A machine learning project that trains and evaluates a fake news classification model from tabular text data using Jupyter Notebooks. The workflow demonstrates industry best practices for reproducible ML development — including data preprocessing, feature engineering, cross-validation, and pipeline-based model training.
FakeNews-Detection/ │ ├── data/ # Dataset (download separately) ├── notebooks/ │ ├── Untitled.ipynb # Baseline workflow │ ├── Untitled_optimized.ipynb # Reproducible + CV/Pipeline version ├── requirements.txt # Project dependencies ├── README.md # Documentation
- Data loading & cleaning
- Feature engineering & encoding
- Stratified train/validation/test splits
- Model training with scikit-learn Pipelines (avoiding leakage)

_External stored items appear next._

lemma inj_on_indicator_vector_orbits:
  fixes f :: "'h::finite \<Rightarrow> 'h"
  assumes f: "permutation f"
  shows "inj_on (indicator_vector :: 'h set \<Rightarrow> 'a::zero_neq_one ^ 'h) (range (orbit f))"
proof (rule inj_onI)
  let ?Ind = "indicator_vector :: 'h set \<Rightarrow> 'a ^ 'h"
  fix S T assume "S \<in> range (orbit f)" and T: "T \<in> range (orbit f)" and "?Ind S = ?Ind T"
  then obtain x where x: "S = orbit f x" by auto
  have "?Ind S $ x = 1"
    using permutation_self_in_orbit[OF f] by (simp add: x indicator_vector_def)
  then have "?Ind T $ x = 1" using \<open>?Ind S = ?Ind T\<close> by simp
  then have "x \<in> T" by (simp add: indicator_vector_def split: if_splits)
  then show "S = T" using mem_range_orbit_iff[OF f T] x by simp
qed

lemma invariant_vectors_subset_span_indicators:
  fixes f :: "'h::finite \<Rightarrow> 'h"
  assumes f: "permutation f"
  shows "invariant_vectors f \<subseteq> vec.span (indicator_vector ` range (orbit f) :: ('a::field ^ 'h) set)"
proof
  let ?I = "indicator_vector ` range (orbit f) :: ('a ^ 'h) set"
  fix k :: "'a ^ 'h" assume k: "k \<in> invariant_vectors f"
  let ?restrict = "\<lambda>S. \<chi> h. if h \<in> S then k $ h else 0"
  have "k = (\<Sum>S\<in>range (orbit f). ?restrict S)"
    by (simp add: vec_eq_iff sum_component sum_orbits_containing[OF f])
  also have "\<dots> \<in> vec.span ?I"
  proof (rule vec.span_sum)
    fix S assume S: "S \<in> range (orbit f)"
    then obtain x where x: "S = orbit f x" by auto
    have "?restrict S = k $ x *s indicator_vector S"
      using invariant_vector_const_on_orbit[OF k] by (auto simp: x vec_eq_iff indicator_vector_def)
    moreover have "indicator_vector S \<in> vec.span ?I" using S by (intro vec.span_base) simp
    ultimately show "?restrict S \<in> vec.span ?I" by (simp add: vec.span_scale)
  qed
  finally show "k \<in> vec.span ?I" .
qed

lemma independent_indicator_vector_orbits:
  fixes f :: "'h::finite \<Rightarrow> 'h"
  assumes f: "permutation f"
  shows "vec.independent (indicator_vector ` range (orbit f) :: ('a::field ^ 'h) set)"
  unfolding vec.independent_explicit
proof (intro conjI allI impI ballI)
  let ?Ind = "indicator_vector :: 'h set \<Rightarrow> 'a ^ 'h"
  let ?I = "?Ind ` range (orbit f)"
  fix c v assume sum0: "(\<Sum>v\<in>?I. c v *s v) = 0" and "v \<in> ?I"
  then obtain x where v: "v = ?Ind (orbit f x)" by auto
  have "(\<Sum>v\<in>?I. c v *s v) $ x = (\<Sum>S\<in>range (orbit f). c (?Ind S) * ?Ind S $ x)"
    by (simp add: sum_component sum.reindex[OF inj_on_indicator_vector_orbits[OF f]])
  also have "\<dots> = (\<Sum>S\<in>range (orbit f). if x \<in> S then c (?Ind S) else 0)"
    by (intro sum.cong) (simp_all add: indicator_vector_def)
  also have "\<dots> = c v"
    by (simp add: sum_orbits_containing[OF f] v)
  finally have "(\<Sum>v\<in>?I. c v *s v) $ x = c v" .
  then show "c v = 0" by (simp only: sum0 zero_index)
qed simp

- Cross-validated evaluation (Accuracy, F1, Confusion Matrix)
- Optional hyperparameter search (GridSearchCV / RandomizedSearchCV)

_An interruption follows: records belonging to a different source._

(* Let $(\mathbf r(t),\mathbf v(t))\in\Omega$, $t\ge0$, be a stationary solution of the three-dimensional equations of motion, and let $\mathbf L$ be its (constant) angular momentum. If there is at least one time $t_0\ge0$ at which the minimum possible root-mean-square size of the system is achieved, i.e. $g(\mathbf r(t_0))=W(\mathbf L,T(\mathbf v(t_0)))$, then this trajectory is flat (all particles move in one fixed plane).
   Context: Fix $N\ge2$, masses $m_i>0$, $\gamma>0$. $\mathfrak R_3=\{\mathbf r=(\mathbf r_1,\dots,\mathbf r_N)\in(\mathbb R^3)^N:\mathbf r_i\ne\mathbf r_j,\ i\ne j\}$, phase space $\Omega=\mathfrak R_3\times(\mathbb R^3)^N$. Equations of motion: $\dot{\mathbf r}_i=\mathbf v_i$, $m_i\dot{\mathbf v}_i=\sum_{j\ne i}\gamma m_im_j(\mathbf r_j-\mathbf r_i)/|\mathbf r_j-\mathbf r_i|^3$. A solution is stationary if there are $0<C_1\le C_2<\infty$ with $C_1\le|\mathbf r_j(t)-\mathbf r_i(t)|\le C_2$ for all $i\ne j$, $t\ge0$. $\mathbf L(\mathbf r,\mathbf v)=\sum_im_i\mathbf r_i\times\mathbf v_i$, $T(\mathbf v)=\frac12\sum_im_i|\mathbf v_i|^2$, $g(\mathbf r)=\sum_im_i|\mathbf r_i|^2$ (so the root-mean-square size is $b=\sqrt{g/\sum_jm_j}$). For $\mathbf L\in\mathbb R^3$, $T\ge0$: $W(\mathbf L,T)=\inf\{g(\mathbf r):(\mathbf r,\mathbf v)\in\Omega,\ \mathbf L(\mathbf r,\mathbf v)=\mathbf L,\ T(\mathbf v)=T\}$. Since the total energy $T-f$ (with $f(\mathbf r)=\sum_{i<j}\gamma m_im_j/|\mathbf r_j-\mathbf r_i|$) is conserved, $T(\mathbf v(t))$ is determined by the current cohesion $f(\mathbf r(t))$. *)

theory Defs
  imports "HOL-Analysis.Analysis" "HOL-Analysis.Cross3"
begin

text \<open>Configurations of N particles in R^3: functions nat => real^3, only indices i < N matter.\<close>

definition in_R3 :: "nat \<Rightarrow> (nat \<Rightarrow> real^3) \<Rightarrow> bool" where
  "in_R3 N r \<longleftrightarrow> (\<forall>i<N. \<forall>j<N. i \<noteq> j \<longrightarrow> r i \<noteq> r j)"

definition ang_mom :: "nat \<Rightarrow> (nat \<Rightarrow> real) \<Rightarrow> (nat \<Rightarrow> real^3) \<Rightarrow> (nat \<Rightarrow> real^3) \<Rightarrow> real^3" where
  "ang_mom N m r v = (\<Sum>i<N. m i *\<^sub>R cross3 (r i) (v i))"

definition kin :: "nat \<Rightarrow> (nat \<Rightarrow> real) \<Rightarrow> (nat \<Rightarrow> real^3) \<Rightarrow> real" where
  "kin N m v = (1/2) * (\<Sum>i<N. m i * (norm (v i))\<^sup>2)"

definition gmom :: "nat \<Rightarrow> (nat \<Rightarrow> real) \<Rightarrow> (nat \<Rightarrow> real^3) \<Rightarrow> real" where
  "gmom N m r = (\<Sum>i<N. m i * (norm (r i))\<^sup>2)"

definition Wfun :: "nat \<Rightarrow> (nat \<Rightarrow> real) \<Rightarrow> real^3 \<Rightarrow> real \<Rightarrow> real" where
  "Wfun N m L T = Inf {gmom N m r | r v. in_R3 N r \<and> ang_mom N m r v = L \<and> kin N m v = T}"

- Reproducibility with fixed seeds
- Lightweight profiling/timers for faster iterations
This project uses the Fake News Dataset from Kaggle:
🔗 Fake News Dataset (Kaggle)
1. Clone the repo
git clone https://github.com/GauravP1101/FakeNews-Detection.git
cd FakeNews-Detection
2. Create & activate a virtual environment
python -m venv .venv
# Windows
.venv\Scripts\activate
# macOS/Linux
source .venv/bin/activate
3. Install dependencies
pip install -r requirements.txt
If requirements.txt is missing, you can start with:
pip install jupyter numpy pandas scikit-learn matplotlib seaborn xgboost lightgbm catboost
pip freeze > requirements.txt
4. Run notebooks
jupyter notebook